User interface elements 212, 214, and 216 (e.g., buttons, switches, touch sensors, etc.) are shown as attached to the steering wheel and may also be configured to effect communications assistance features of the vehicle. For example, button 212 may switch between a normal mode of control system and/or audio system operation and a communications assistance mode of operation. Button 214 may be configured to increase the level of communications assistance (e.g., by increasing input sensitivity of a microphone, increasing filtering / noise cancelling levels, and/or increasing output levels (output volume)).
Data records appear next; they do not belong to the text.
(* Let $x_1,x_2,x_3,x_4\in\mathbb{Z}^3$ be the vertices of a Fano tetrahedron, and let $\lambda_1,\ldots,\lambda_4$ be non-negative integers with $\gcd(\lambda_1,\ldots,\lambda_4)=1$ such that, with $h=\lambda_1+\cdots+\lambda_4$, the numbers $\lambda_i/h$ are the barycentric coordinates of the origin with respect to $x_1,\ldots,x_4$ (i.e. $\sum_i\lambda_ix_i=0$). Then (i) $\sum_{i=1}^4\left\{\frac{\kappa\lambda_i}{h}\right\}=2$ for all integers $\kappa\in\{2,\ldots,h-2\}$, and (ii) $\gcd(\lambda_i,\lambda_j)=1$ for all $i\neq j$.
   Context: A tetrahedron is called Fano if its vertices lie in $\mathbb{Z}^3$ and the only lattice point it contains other than its vertices is the origin, which lies strictly in its interior. $\{q\}=q-\lfloor q\rfloor$ denotes the fractional part of $q\in\mathbb{Q}$. *)

theory Defs
  imports "HOL-Analysis.Analysis"
begin

definition lattice_point :: "real^3 \<Rightarrow> bool" where
  "lattice_point v \<longleftrightarrow> (\<forall>i. v $ i \<in> \<int>)"

definition fano_tetrahedron :: "(real^3) set \<Rightarrow> bool" where
  "fano_tetrahedron V \<longleftrightarrow>
     card V = 4 \<and> \<not> affine_dependent V \<and> (\<forall>v\<in>V. lattice_point v) \<and>
     {v \<in> convex hull V. lattice_point v} = insert 0 V \<and>
     0 \<in> interior (convex hull V)"
lemma card_star_rest_pair:
  assumes "finite A" "x \<in> A" "card A = 2 * m + 1" and T: "T \<subseteq> A - {x}" "card T = 2"
  shows "card (star_rest A x T (Suc m)) = dfact (2 * m - 3)"
proof -
  have "finite T" "x \<notin> T"
    using T card.infinite by fastforce+
  then have "card (insert x T) = 3"
    using T by simp
  moreover have "card (A - insert x T) = card A - card (insert x T)"
    by (rule card_Diff_subset) (use \<open>finite T\<close> T assms(2) in auto)
  ultimately have card_rest: "card (A - insert x T) = 2 * (m - 1)"
    using assms(3) by simp
  have "card T \<le> card (A - {x})"
    using T assms(1) by (intro card_mono) simp_all
  then have "2 \<le> 2 * m"
    using T assms by simp
  then have "star_rest A x T (Suc m) = edge_covers (A - insert x T) (m - 1)"
    using star_rest_eq_edge_covers_if_tight[of T "Suc m" A x] T card_rest by simp
  then show ?thesis
    using card_edge_covers_even[of "A - insert x T" "m - 1"] assms(1) card_rest
    by (simp add: right_diff_distrib')
qed

lemma card_star_rest_single:
  assumes "finite A" "x \<in> A" "card A = 2 * m + 1" and y: "y \<in> A - {x}"
    and "card (edge_covers (A - {x, y}) m) = m * dfact (2 * m - 1)"
  shows "card (star_rest A x {y} (Suc m)) = Suc m * dfact (2 * m - 1)"
proof -
  have "A - {x} \<noteq> A - {x, y}"
    using y by blast
  then have "edge_covers (A - {x}) m \<inter> edge_covers (A - {x, y}) m = {}"
    by (metis disjoint_iff edge_coversD(4))
  moreover have "card (edge_covers (A - {x}) m) = dfact (2 * m - 1)"
    using card_edge_covers_even[of "A - {x}" m] assms(1-3) by simp
  ultimately show ?thesis
    using assms by (simp add: star_rest_singleton card_Un_disjoint finite_edge_covers)
qed

text \<open>Counting by the star of a vertex \<open>x\<close>: a loop at \<open>x\<close> leaves a perfect matching of the other
  \<open>2 m\<close> vertices, an edge \<open>{x, y}\<close> leaves a graph with \<open>m\<close> edges covering either all other vertices
  or all but \<open>y\<close>, and two edges at \<open>x\<close> leave a perfect matching of the remaining \<open>2 m - 2\<close>.\<close>

lemma card_edge_covers_odd_step:
  fixes A :: "'a set"
  assumes A: "finite A" "card A = 2 * m + 1"
    and IH: "\<And>B :: 'a set. finite B \<Longrightarrow> card B + 1 = 2 * m \<Longrightarrow> card (edge_covers B m) = m * dfact (2 * m - 1)"
  shows "card (edge_covers A (Suc m)) = Suc m * dfact (2 * m + 1)"
proof -
  obtain x where x: "x \<in> A"
    using A(2) by fastforce
  let ?singles = "(\<lambda>y. {y}) ` (A - {x})"
  let ?pairs = "{T. T \<subseteq> A - {x} \<and> card T = 2}"
  let ?c = "\<lambda>T. card (star_rest A x T (Suc m))"
  have card_Ax: "card (A - {x}) = 2 * m"
    using A x by simp
  have single: "?c {y} = Suc m * dfact (2 * m - 1)" if y: "y \<in> A - {x}" for y
  proof (rule card_star_rest_single[OF A(1) x A(2) y])
    have "card (A - {x, y}) + 1 = 2 * m"
      using card_doubleton_diff[OF A(1) x y] A(2) by simp
    then show "card (edge_covers (A - {x, y}) m) = m * dfact (2 * m - 1)"
      using IH[of "A - {x, y}"] A(1) by simp
  qed
  have "card (edge_covers A (Suc m)) = (\<Sum>T \<in> insert {x} (?singles \<union> ?pairs). ?c T)"
  proof (rule card_edge_covers_star_sum[OF A(1) x])
    show "insert {x} (?singles \<union> ?pairs) \<subseteq> {T. T \<subseteq> A \<and> T \<noteq> {}}"
      using x by auto
  qed (rule star_rest_support_odd[OF A(1) x A(2)])
  also have "\<dots> = ?c {x} + (\<Sum>T \<in> ?singles. ?c T) + (\<Sum>T \<in> ?pairs. ?c T)"
  proof -
    have "finite ?pairs"
      by (rule finite_subset[of _ "Pow A"]) (use A(1) in auto)
    moreover have "{x} \<notin> ?singles \<union> ?pairs" "?singles \<inter> ?pairs = {}"
      by auto
    ultimately show ?thesis
      using A(1) by (simp add: sum.union_disjoint)
  qed
  also have "(\<Sum>T \<in> ?singles. ?c T) = (\<Sum>y \<in> A - {x}. ?c {y})"
    by (simp add: sum.reindex)
  also have "\<dots> = 2 * m * (Suc m * dfact (2 * m - 1))"
    using single card_Ax by simp
  also have "(\<Sum>T \<in> ?pairs. ?c T) = (2 * m choose 2) * dfact (2 * m - 3)"
    using card_star_rest_pair[OF A(1) x A(2)] n_subsets[of "A - {x}" 2] A(1) card_Ax by simp
  also have "?c {x} = dfact (2 * m - 1)"
    using A(1) x A(2) by (rule card_star_rest_loop)
  also have "dfact (2 * m - 1) + 2 * m * (Suc m * dfact (2 * m - 1)) + (2 * m choose 2) * dfact (2 * m - 3)
      = Suc m * dfact (2 * m + 1)"
    unfolding choose_two_mult_dfact dfact_odd by (simp add: algebra_simps)
  finally show ?thesis .
qed
(* Let $n\ge2$ and let $F:\mathbf{R}^n\to\mathbf{R}$ be an integrand. (i) $\mathcal{D}(F)$ is the support function of $K_F$, i.e. $\mathcal{D}(F)(x)=\sup_{y\in K_F}\langle x,y\rangle$ for all $x\in\mathbf{R}^n$; in particular $\mathcal{D}(F)$ is convex. Moreover, if $G:\mathbf{R}^n\to\mathbf{R}$ is any convex, 1-homogeneous, positive function with $G\le F$, then $G\le\mathcal{D}(F)$. (ii) For every $v\in\mathbb{S}^{n-1}$ and $\overline{x}\in K_F$ the following are equivalent: (a) $\mathcal{D}(F)(v)=\langle v,\overline{x}\rangle$; (b) $\overline{x}\in\mathcal{D}(F)(v)v+v^\perp$; (c) $\overline{x}+v^\perp$ is a supporting hyperplane for $K_F$. (iii) $\mathrm{Ort}(\partial K_F)\subseteq\mathrm{Cont}(F)$.
   Context: $\mathbb{S}^{n-1}$ is the unit sphere. A function $G$ is 1-homogeneous if $G(\lambda x)=\lambda G(x)$ for $\lambda\ge0$, positive if $G>0$ on $\mathbb{S}^{n-1}$; an integrand is a lower semicontinuous, 1-homogeneous, positive function. $K_F:=\bigcap_{v\in\mathbb{S}^{n-1}}\{z:\langle z,v\rangle\le F(v)\}$. Operators: $\mathcal{W}(F)(v):=\inf_{w\in\mathbb{S}^{n-1},\langle v,w\rangle>0}F(w)/\langle v,w\rangle$, $\mathcal{A}(G)(v):=\sup_{w\in\mathbb{S}^{n-1}}G(w)\langle v,w\rangle$ for $v\in\mathbb{S}^{n-1}$, extended by 1-homogeneity; $\mathcal{D}(F):=\mathcal{A}(\mathcal{W}(F))$. $\mathrm{Cont}(F):=\{x:F(x)=\mathcal{D}(F)(x)\}$. For $u\ne0$, "$\overline{x}+u^\perp$ is a supporting hyperplane for $K_F$" means $\overline{x}+u^\perp=\{z:\langle z,u\rangle=\max_{y\in K_F}\langle y,u\rangle\}$. For convex $K$ and $y\in\partial K$, $\mathcal{N}_y\partial K:=\{N:\langle N,z-y\rangle\le0\ \forall z\in K\}$; if $\mathcal{N}_y\partial K\cap\mathbb{S}^{n-1}$ is a singleton its element is $N_{\partial K}(y)$; $\mathrm{Ort}(\partial K):=\{v\ne0:\exists y\in\partial K,\ N_{\partial K}(y)\text{ defined and } =v/|v|\}$. *)

theory Defs
  imports "HOL-Analysis.Analysis"
begin

definition lsc :: "('a::euclidean_space \<Rightarrow> real) \<Rightarrow> bool" where
  "lsc F \<longleftrightarrow> (\<forall>x. \<forall>e>0. eventually (\<lambda>y. F x - e < F y) (at x))"

definition homog1 :: "('a::euclidean_space \<Rightarrow> real) \<Rightarrow> bool" where
  "homog1 G \<longleftrightarrow> (\<forall>x. \<forall>l::real. l \<ge> 0 \<longrightarrow> G (l *\<^sub>R x) = l * G x)"

definition positive_fn :: "('a::euclidean_space \<Rightarrow> real) \<Rightarrow> bool" where
  "positive_fn G \<longleftrightarrow> (\<forall>v \<in> sphere 0 1. G v > 0)"

definition integrand :: "('a::euclidean_space \<Rightarrow> real) \<Rightarrow> bool" where
  "integrand F \<longleftrightarrow> lsc F \<and> homog1 F \<and> positive_fn F"

definition KF :: "('a::euclidean_space \<Rightarrow> real) \<Rightarrow> 'a set" where
  "KF F = (\<Inter>v \<in> sphere 0 1. {z. z \<bullet> v \<le> F v})"

definition hom_ext :: "('a::euclidean_space \<Rightarrow> real) \<Rightarrow> 'a \<Rightarrow> real" where
  "hom_ext g x = (if x = 0 then 0 else norm x * g (x /\<^sub>R norm x))"

definition Wop :: "('a::euclidean_space \<Rightarrow> real) \<Rightarrow> 'a \<Rightarrow> real" where
  "Wop F = hom_ext (\<lambda>v. Inf {F w / (v \<bullet> w) | w. w \<in> sphere 0 1 \<and> v \<bullet> w > 0})"

definition Aop :: "('a::euclidean_space \<Rightarrow> real) \<Rightarrow> 'a \<Rightarrow> real" where
  "Aop G = hom_ext (\<lambda>v. Sup {G w * (v \<bullet> w) | w. w \<in> sphere 0 1})"

definition Dop :: "('a::euclidean_space \<Rightarrow> real) \<Rightarrow> 'a \<Rightarrow> real" where
  "Dop F = Aop (Wop F)"

definition Cont :: "('a::euclidean_space \<Rightarrow> real) \<Rightarrow> 'a set" where
  "Cont F = {x. F x = Dop F x}"

text \<open>\<open>xb + u\<^sup>\<perp>\<close> is a supporting hyperplane for K (the maximum is attained).\<close>
definition supporting_hyperplane :: "'a::euclidean_space set \<Rightarrow> 'a \<Rightarrow> 'a \<Rightarrow> bool" where
  "supporting_hyperplane K xb u \<longleftrightarrow> u \<noteq> 0 \<and>
     (\<exists>m. (\<exists>y\<in>K. y \<bullet> u = m) \<and> (\<forall>y\<in>K. y \<bullet> u \<le> m) \<and>
          {xb + w | w. w \<bullet> u = 0} = {z. z \<bullet> u = m})"

definition normal_cone :: "'a::euclidean_space set \<Rightarrow> 'a \<Rightarrow> 'a set" where
  "normal_cone K y = {N. \<forall>z\<in>K. N \<bullet> (z - y) \<le> 0}"

definition Ort :: "'a::euclidean_space set \<Rightarrow> 'a set" where
  "Ort K = {v. v \<noteq> 0 \<and> (\<exists>y \<in> frontier K. normal_cone K y \<inter> sphere 0 1 = {v /\<^sub>R norm v})}"

end

theory Submission
  imports Defs
begin

(* For a unit vector w and r \<ge> 0 one has r w \<in> K_F iff r \<le> W(F)(w): W(F) is the radial
   function of K_F. Hence a point y = |y| w of K_F with <v, y> > 0 satisfies
   <v, y> \<le> W(F)(w) <v, w>, while W(F)(w) w \<in> K_F; so A(W(F)) is the support function h
   of K_F, and convexity of h and part (ii) are elementary. A convex 1-homogeneous G has at each x a
   linear minorant g with <g, x> = G x (separate its epigraph from the open ray below (x, G x));
   if G \<le> F then g \<in> K_F, so G x \<le> h x.
   For (iii), at a boundary point y of K_F some constraint <y, w> \<le> F w is tight: otherwise the
   slack F w - <y, w>, lower semicontinuous and positive on the compact sphere, would have a
   positive lower bound d, and the ball of radius d about y would lie in K_F. Such a w is a unit
   outer normal at y, hence the unique one v/|v|, and F(v) = |v| <y, w> \<le> h(v) \<le> F(v). *)

definition support_fun :: "'a::real_inner set \<Rightarrow> 'a \<Rightarrow> real" where
  "support_fun K x = Sup ((\<lambda>y. x \<bullet> y) ` K)"

lemma bdd_above_inner_image:
  fixes K :: "'a::real_inner set"
  assumes "bounded K"
  shows "bdd_above ((\<lambda>y. x \<bullet> y) ` K)"
  using assms by (intro bounded_imp_bdd_above bounded_linear_image bounded_linear_inner_right)

lemma support_fun_upper:
  fixes K :: "'a::real_inner set"
  assumes "bounded K" "y \<in> K"
  shows "x \<bullet> y \<le> support_fun K x"
  unfolding support_fun_def using assms by (intro cSup_upper bdd_above_inner_image) auto

lemma support_fun_least:
  assumes "K \<noteq> {}" "\<And>y. y \<in> K \<Longrightarrow> x \<bullet> y \<le> c"
  shows "support_fun K x \<le> c"
  unfolding support_fun_def using assms by (intro cSup_least) auto

lemma homog1_support_fun:
  fixes K :: "'a::euclidean_space set"
  assumes "bounded K" "K \<noteq> {}"
  shows "homog1 (support_fun K)"
  unfolding homog1_def
proof (intro allI impI)
  fix x :: 'a and l :: real
  assume "l \<ge> 0"
  then have "l * Sup ((\<lambda>y. x \<bullet> y) ` K) = Sup ((*) l ` (\<lambda>y. x \<bullet> y) ` K)"
    using assms by (intro continuous_at_Sup_mono monoI mult_left_mono continuous_intros
        bdd_above_inner_image) auto
  then show "support_fun K (l *\<^sub>R x) = l * support_fun K x"
    by (simp add: support_fun_def image_image)
qed

lemma convex_on_support_fun:
  fixes K :: "'a::real_inner set"
  assumes "bounded K" "K \<noteq> {}"
  shows "convex_on UNIV (support_fun K)"
proof (rule convex_onI)
  fix t :: real and x z :: 'a
  assume t: "0 < t" "t < 1"
  show "support_fun K ((1 - t) *\<^sub>R x + t *\<^sub>R z) \<le> (1 - t) * support_fun K x + t * support_fun K z"
  proof (rule support_fun_least[OF assms(2)])
    fix y assume "y \<in> K"
    then have "(1 - t) * (x \<bullet> y) + t * (z \<bullet> y) \<le> (1 - t) * support_fun K x + t * support_fun K z"
      using t assms(1) by (intro add_mono mult_left_mono support_fun_upper) auto
    then show "((1 - t) *\<^sub>R x + t *\<^sub>R z) \<bullet> y \<le> (1 - t) * support_fun K x + t * support_fun K z"
      by (simp add: inner_add_left)
  qed
qed simp

lemma translated_orthogonal_eq_hyperplane:
  fixes u :: "'a::real_inner"
  shows "{xb + w | w. w \<bullet> u = 0} = {z. z \<bullet> u = xb \<bullet> u}"
proof (intro set_eqI iffI)
  fix z assume "z \<in> {z. z \<bullet> u = xb \<bullet> u}"
  then have "z = xb + (z - xb)" "(z - xb) \<bullet> u = 0" by (simp_all add: inner_diff_left)
  then show "z \<in> {xb + w | w. w \<bullet> u = 0}" by blast
qed (auto simp: inner_add_left)

lemma supporting_hyperplane_iff:
  assumes "xb \<in> K"
  shows "supporting_hyperplane K xb u \<longleftrightarrow> u \<noteq> 0 \<and> (\<forall>y\<in>K. y \<bullet> u \<le> xb \<bullet> u)"
proof
  assume "supporting_hyperplane K xb u"
  then obtain m where "u \<noteq> 0" "\<forall>y\<in>K. y \<bullet> u \<le> m" "{xb + w | w. w \<bullet> u = 0} = {z. z \<bullet> u = m}"
    unfolding supporting_hyperplane_def by blast
  moreover from this(3) have "xb \<bullet> u = m"
    unfolding translated_orthogonal_eq_hyperplane by blast
  ultimately show "u \<noteq> 0 \<and> (\<forall>y\<in>K. y \<bullet> u \<le> xb \<bullet> u)" by blast
next
  assume "u \<noteq> 0 \<and> (\<forall>y\<in>K. y \<bullet> u \<le> xb \<bullet> u)"
  then show "supporting_hyperplane K xb u"
    unfolding supporting_hyperplane_def translated_orthogonal_eq_hyperplane using assms by blast
qed

lemma support_fun_eq_inner_iff_supporting_hyperplane:
  fixes K :: "'a::euclidean_space set"
  assumes "bounded K" "xb \<in> K" "v \<noteq> 0"
  shows "support_fun K v = v \<bullet> xb \<longleftrightarrow> supporting_hyperplane K xb v"
proof -
  have "support_fun K v = v \<bullet> xb \<longleftrightarrow> (\<forall>y\<in>K. v \<bullet> y \<le> v \<bullet> xb)"
    using assms support_fun_upper[OF assms(1)] support_fun_least[of K v "v \<bullet> xb"]
    by (metis antisym empty_iff)
  then show ?thesis
    using assms by (simp add: supporting_hyperplane_iff inner_commute)
qed

lemma eq_inner_iff_mem_translated_orthogonal:
  fixes v :: "'a::real_inner"
  assumes "v \<bullet> v = 1"
  shows "c = v \<bullet> x \<longleftrightarrow> x \<in> {c *\<^sub>R v + w | w. w \<bullet> v = 0}"
proof
  assume "c = v \<bullet> x"
  then have "x = c *\<^sub>R v + (x - c *\<^sub>R v)" "(x - c *\<^sub>R v) \<bullet> v = 0"
    using assms by (simp_all add: inner_diff_left inner_commute[of x v])
  then show "x \<in> {c *\<^sub>R v + w | w. w \<bullet> v = 0}" by blast
qed (use assms in \<open>auto simp: inner_add_right inner_commute\<close>)

lemma mem_KF: "z \<in> KF F \<longleftrightarrow> (\<forall>v\<in>sphere 0 1. z \<bullet> v \<le> F v)"
  by (auto simp: KF_def)

lemma zero_mem_KF: "positive_fn F \<Longrightarrow> 0 \<in> KF F"
  by (auto simp: mem_KF positive_fn_def less_imp_le)

lemma KF_nonempty: "positive_fn F \<Longrightarrow> KF F \<noteq> {}"
  using zero_mem_KF by blast

lemma closed_KF: "closed (KF F)"
  unfolding KF_def by (intro closed_INT) (simp add: closed_halfspace_le inner_commute)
Button 216 may be configured to decrease the level of communications assistance (e.g., by decreasing input sensitivity of a microphone, decreasing filtering / noise cancelling levels, and/or decreasing output levels (output volume)). Audio input device 128 (e.g., a microphone) is shown as integrated with housing of control system 106. According to other exemplary embodiments, audio input device 128 may be provided on the steering wheel, in an overhead console, in a visor, near an "A" frame location, on a vehicle ceiling, or otherwise. Multiple audio input devices may be provided in the vehicle (e.g., one for each passenger location, driver seat, front passenger seat, rear left seat, rear middle seat, rear right seat, etc.).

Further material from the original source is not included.